• Task:
Search the data below, and report every line in which "ultimately" occurs.

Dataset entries
⟨

lemma cycle_label_arc_from_unreached:
  assumes uv: "(u, v) \<in> D" and u: "\<not> (\<exists>k < n - 2. u \<in> reach k)"
  shows "(cycle_label u, cycle_label v) \<in> cycle_edges (n - 1)"
proof -
  have label_u: "cycle_label u = n - 2"
    using u DomainI[OF uv] by (auto simp: cycle_label_def)
  show ?thesis
  proof (cases "\<exists>k < n - 2. v \<in> reach k")
    case True
    then obtain k where v: "v \<in> reach k" "k < n - 2"
      by auto
    have "level v = 0 \<or> odd (level v)"
    proof (cases "odd (level v)")
      case False
      then have "v \<in> middle"
        using middle_if_even_level[OF v(1) RangeI[OF uv]] by simp
      then show ?thesis
        using level_middle by simp
    qed simp
    moreover have "level v = n - 3" if "odd (level v)"
    proof -
      have "u \<in> reach (Suc (level v))"
        using reach_level[OF v(1)] uv that by auto
      with u have "n - 2 \<le> Suc (level v)"
        by (meson not_le)
      with level_le[OF v(1)] v(2) show ?thesis
        by linarith
    qed
    ultimately show ?thesis
      using label_u cycle_label_reached[OF v] n by (auto simp: cycle_edges_iff)
  next
    case False
    have "v \<notin> Domain D"
    proof
      assume "v \<in> Domain D"
      then have "v \<in> reach 0"
        using RangeI[OF uv] by simp
      moreover have "0 < n - 2"
        using n by simp
      ultimately show False
        using False by blast
    qed
    with False have "cycle_label v = n - 3"
      by (auto simp: cycle_label_def)
    with label_u n show ?thesis
      by (auto simp: cycle_edges_iff)
  qed
qed

lemma cycle_label_arc:
  assumes "(u, v) \<in> D"
  shows "(cycle_label u, cycle_label v) \<in> cycle_edges (n - 1)"
  using cycle_label_arc_from_reached[OF assms] cycle_label_arc_from_unreached[OF assms] by blast

end

lemma not_Q_maps_into_imp_cycle_hom:
  assumes "orientation V E D" "even n" "4 \<le> n" "\<not> Q_maps_into n D"
  shows "\<exists>f. graph_hom V E {0..<n-1} (cycle_edges (n-1)) f"
proof -
  interpret Q_free_digraph D n
    using assms(2-4) by unfold_locales
  have "(cycle_label u, cycle_label v) \<in> cycle_edges (n - 1)" if "(u, v) \<in> E" for u v
    using assms(1) that cycle_label_arc sym_cycle_edges
    by (metis orientation_def symD)
  then show ?thesis
    using cycle_label_less by (auto simp: graph_hom_def)
qed

theorem mainTheorem12:
  fixes V :: "'a set" and E :: "('a \<times> 'a) set" and n :: nat
  assumes "finite V" and "ugraph V E" and "even n" and "n \<ge> 4"
  shows "(\<exists>f. graph_hom V E {0..<n-1} (cycle_edges (n-1)) f) \<longleftrightarrow>
         (\<exists>D. orientation V E D \<and> acyclic D \<and>
              (\<forall>S. S \<subseteq> V \<longrightarrow> in_F n S (D \<inter> (S \<times> S)) \<longrightarrow>
                   dicycle_iso 3 S (D \<inter> (S \<times> S)) \<or> dicycle_iso 4 S (D \<inter> (S \<times> S))))"
    (is "?hom \<longleftrightarrow> (\<exists>D. orientation V E D \<and> acyclic D \<and> ?F_free D)")
proof -
  have E: "E \<subseteq> V \<times> V" "sym E"
    using assms(2) by (auto simp: ugraph_def)
  show ?thesis
  proof
    assume ?hom
    then obtain D where "orientation V E D" "acyclic D" "\<not> Q_maps_into n D"
      using cycle_hom_imp_acyclic_orientation_not_Q_maps_into[OF E(2) assms(3,4)] by blast
    with acyclic_orientation_F_free_iff_not_Q_maps_into[OF E(1)]
    show "\<exists>D. orientation V E D \<and> acyclic D \<and> ?F_free D"
      by blast
  next
    assume "\<exists>D. orientation V E D \<and> acyclic D \<and> ?F_free D"
    then obtain D where "orientation V E D" "\<not> Q_maps_into n D"
      using acyclic_orientation_F_free_iff_not_Q_maps_into[OF E(1)] by blast
    with assms(3,4) show ?hom
      using not_Q_maps_into_imp_cycle_hom by blast
  qed
qed

end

⟩

• Your response:
    ultimately show ?thesis
      ultimately show False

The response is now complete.